Let $G$ be a group. Its subgroup lattice, denoted $\Sigma G$, consists of all subgroups of $G$ partially ordered by inclusion. The topology of this poset is quite trivial, since it always has a maximal $(G)$ and minimal $(1)$ element. On the other hand, we can remove these offending maximal and minimal elements to get something interesting: define the reduced lattice $\Sigma'G$ which contains all the non-trivial proper subgroups of $G$ ordered by inclusion.
Define an operator $\mathcal{L}$ as follows $$\mathcal{L}G = \pi_1(\Sigma'G)$$ i.e., $\mathcal{L}$ maps each group $G$ to the fundamental group of $\Sigma'G$, choosing arbitrary basepoints in each connected component if necessary. Note that $\mathcal{L}$ is not an endo-functor on the category of groups since reduced lattices need not map to reduced lattices under a group homomorphism (a non-trivial kernel might map to $1$ for instance).
Which groups are fixed (up to isomorphism) by $\mathcal{L}$, i.e., satisfy $\mathcal{L}G \simeq G$?

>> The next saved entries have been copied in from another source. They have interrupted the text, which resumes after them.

lemma ex_set_realising_translated_patterns:
  fixes \<tau> :: "nat \<Rightarrow> 'g \<Rightarrow> 'a \<Rightarrow> 'b"
  assumes "infinite (UNIV :: 'g set)" and F_finite: "\<And>n. finite (F n)" and P_F: "\<And>n. P n \<subseteq> F n"
    and \<tau>_inj: "\<And>n g. inj (\<tau> n g)" and \<tau>_inj_translation: "\<And>n x. inj (\<lambda>g. \<tau> n g x)"
  shows "\<exists>g S. \<forall>n. \<forall>x\<in>F n. \<tau> n (g n) x \<in> S \<longleftrightarrow> x \<in> P n"
proof -
  define A where "A n = range (\<lambda>g. \<tau> n g ` F n)" for n
  have A_avoiding: "\<exists>a\<in>A n. a \<inter> U = {}" if "finite U" for n U
    using ex_image_avoiding[OF assms(1) F_finite that \<tau>_inj_translation] by (auto simp: A_def)
  have A_finite: "finite a" if "a \<in> A n" for n a
    using that F_finite by (auto simp: A_def)
  have "\<exists>B. (\<forall>n. B n \<in> A n) \<and> disjoint_family B"
    using A_avoiding A_finite by (rule ex_disjoint_family_avoiding)
  then obtain B where B: "\<And>n. B n \<in> A n" and "disjoint_family B"
    by blast
  have "\<exists>h. B n = \<tau> n h ` F n" for n
    using B[of n] by (auto simp: A_def)
  then obtain g where g: "\<And>n. B n = \<tau> n (g n) ` F n"
    by metis
  define S where "S = (\<Union>n. \<tau> n (g n) ` P n)"
  have S_Int: "S \<inter> B n = \<tau> n (g n) ` P n" for n
    unfolding S_def using \<open>disjoint_family B\<close> by (rule disjoint_family_UN_Int) (simp add: g P_F image_mono)
  have "\<tau> n (g n) x \<in> S \<longleftrightarrow> x \<in> P n" if "x \<in> F n" for n x
  proof -
    have "\<tau> n (g n) x \<in> S \<longleftrightarrow> \<tau> n (g n) x \<in> S \<inter> B n"
      using that by (simp add: g)
    also have "\<dots> \<longleftrightarrow> x \<in> P n"
      by (simp only: S_Int inj_image_mem_iff[OF \<tau>_inj])
    finally show ?thesis .
  qed
  then show ?thesis
    by blast
qed

lemma ex_mem_D_L_Int_D_R:
  assumes "countable (UNIV :: 'a::group_add set)" and "infinite (UNIV :: 'a set)"
  shows "\<exists>S::'a set. S \<in> D_L \<inter> D_R"
proof -
  define left right :: "'a \<Rightarrow> 'a \<Rightarrow> 'a" where "left h i = -h + i" and "right h i = i + -h" for h i
  have "countable {left, right}" and "left \<in> {left, right}"
    by simp_all
  then obtain F P :: "nat \<Rightarrow> 'a set" and \<tau> :: "nat \<Rightarrow> 'a \<Rightarrow> 'a \<Rightarrow> 'a"
    where F_finite: "\<And>n. finite (F n)" and P_F: "\<And>n. P n \<subseteq> F n" and \<tau>: "\<And>n. \<tau> n \<in> {left, right}"
      and every_pattern: "\<And>F' P' \<sigma>. finite F' \<Longrightarrow> P' \<subseteq> F' \<Longrightarrow> \<sigma> \<in> {left, right}
        \<Longrightarrow> \<exists>n. F n = F' \<and> P n = P' \<and> \<tau> n = \<sigma>"
    by (rule ex_enumeration_finite_patterns[OF assms(1)]) blast
  have "inj (\<sigma> g) \<and> inj (\<lambda>g. \<sigma> g x)" if "\<sigma> \<in> {left, right}" for \<sigma> g x
    using that by (auto simp: left_def right_def inj_def simp del: add_uminus_conv_diff)
  then have "inj (\<tau> n g)" and "inj (\<lambda>g. \<tau> n g x)" for n g x
    using \<tau> by blast+
  then have "\<exists>g S. \<forall>n. \<forall>x\<in>F n. \<tau> n (g n) x \<in> S \<longleftrightarrow> x \<in> P n"
    by (rule ex_set_realising_translated_patterns[OF assms(2) F_finite P_F])
  then obtain g S where S: "\<And>n x. x \<in> F n \<Longrightarrow> \<tau> n (g n) x \<in> S \<longleftrightarrow> x \<in> P n"
    by blast
  have realise: "\<exists>h. \<forall>i\<in>F'. (\<sigma> h i \<in> S) = f i" if F': "finite F'" and \<sigma>: "\<sigma> \<in> {left, right}" for F' f \<sigma>
  proof -
    obtain n where "F n = F'" "P n = {i\<in>F'. f i}" "\<tau> n = \<sigma>"
      using every_pattern[OF F' _ \<sigma>, of "{i\<in>F'. f i}"] by blast
    then show ?thesis
      using S[of _ n] by auto
  qed
  have "S \<in> D_L"
    unfolding D_L_iff_patterns using realise[where \<sigma> = left] by (simp add: left_def)
  moreover have "S \<in> D_R"
    unfolding D_R_iff_patterns using realise[where \<sigma> = right] by (simp add: right_def)
  ultimately show ?thesis
    by blast
qed

theorem proposition3p2:
  assumes "countable (UNIV :: 'a::group_add set)"
    and "infinite (UNIV :: 'a set)"
  shows "(D_L \<inter> D_R :: 'a set set) \<noteq> {} \<and> bi_invariant (D_L \<inter> D_R :: 'a set set)"
proof
  show "(D_L \<inter> D_R :: 'a set set) \<noteq> {}"
    using ex_mem_D_L_Int_D_R[OF assms] by blast
  show "bi_invariant (D_L \<inter> D_R :: 'a set set)"
    using bi_invariant_D_L bi_invariant_D_R by (rule bi_invariant_Int)
qed

end
lemma sum_conj_part_Suc:
  assumes "\<forall>x\<in>#L. x \<le> Suc K"
  shows "(\<Sum>i\<in>{1..K}. conj_part L (Suc i)) = (\<Sum>x\<in>#L. x - 1)"
  using assms
proof (induction L)
  case (add a L)
  have "(\<Sum>i\<in>{1..K}. conj_part (add_mset a L) (Suc i))
      = (\<Sum>i\<in>{1..K}. conj_part L (Suc i) + of_bool (Suc i \<le> a))"
    by (intro sum.cong) (auto simp: conj_part_def)
  also have "\<dots> = (\<Sum>i\<in>{1..K}. conj_part L (Suc i)) + card {i\<in>{1..K}. Suc i \<le> a}"
    by (simp add: sum.distrib of_bool_def sum.If_cases Int_def)
  also have "{i\<in>{1..K}. Suc i \<le> a} = {1..a - 1}"
    using add.prems by auto
  finally show ?case
    using add by simp
qed (simp add: conj_part_def)

lemma tau_le:
  assumes "lam \<in> Par N k"
  shows "tau lam \<le> k * (N - k)"
proof -
  have lam: "0 \<notin># lam" "size lam = k" "sum_mset lam = N"
    using assms by (auto simp: Par_def)
  have parts_le: "\<forall>x\<in>#lam. x \<le> Suc N"
    using member_le_sum_mset[of _ lam] lam(3) by (simp add: le_SucI)
  have "conj_part lam i \<le> k" for i
    unfolding conj_part_def using lam(2) by (metis size_filter_mset_lesseq)
  then have "tau lam \<le> (\<Sum>i\<in>{1..N}. k * conj_part lam (Suc i))"
    unfolding tau_def lam(3) by (intro sum_mono mult_right_mono) simp_all
  also have "\<dots> = k * (\<Sum>x\<in>#lam. x - 1)"
    by (simp only: sum_distrib_left[symmetric] sum_conj_part_Suc[OF parts_le])
  also have "(\<Sum>x\<in>#lam. x - 1) = N - k"
  proof -
    have "(\<Sum>x\<in>#lam. x - 1) + size lam = sum_mset lam"
      using lam(1) by (induction lam) auto
    then show ?thesis
      using lam by simp
  qed
  finally show ?thesis .
qed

There is tons of literature on subgroup lattices (including a paper which seemed relevant but turned out to only consider intervals in the lattice) so I'm not sure where to look for helpful results. I don't expect a complete solution, it will be nice to even just have some idea of what types of groups can arise as fundamental groups of reduced lattices.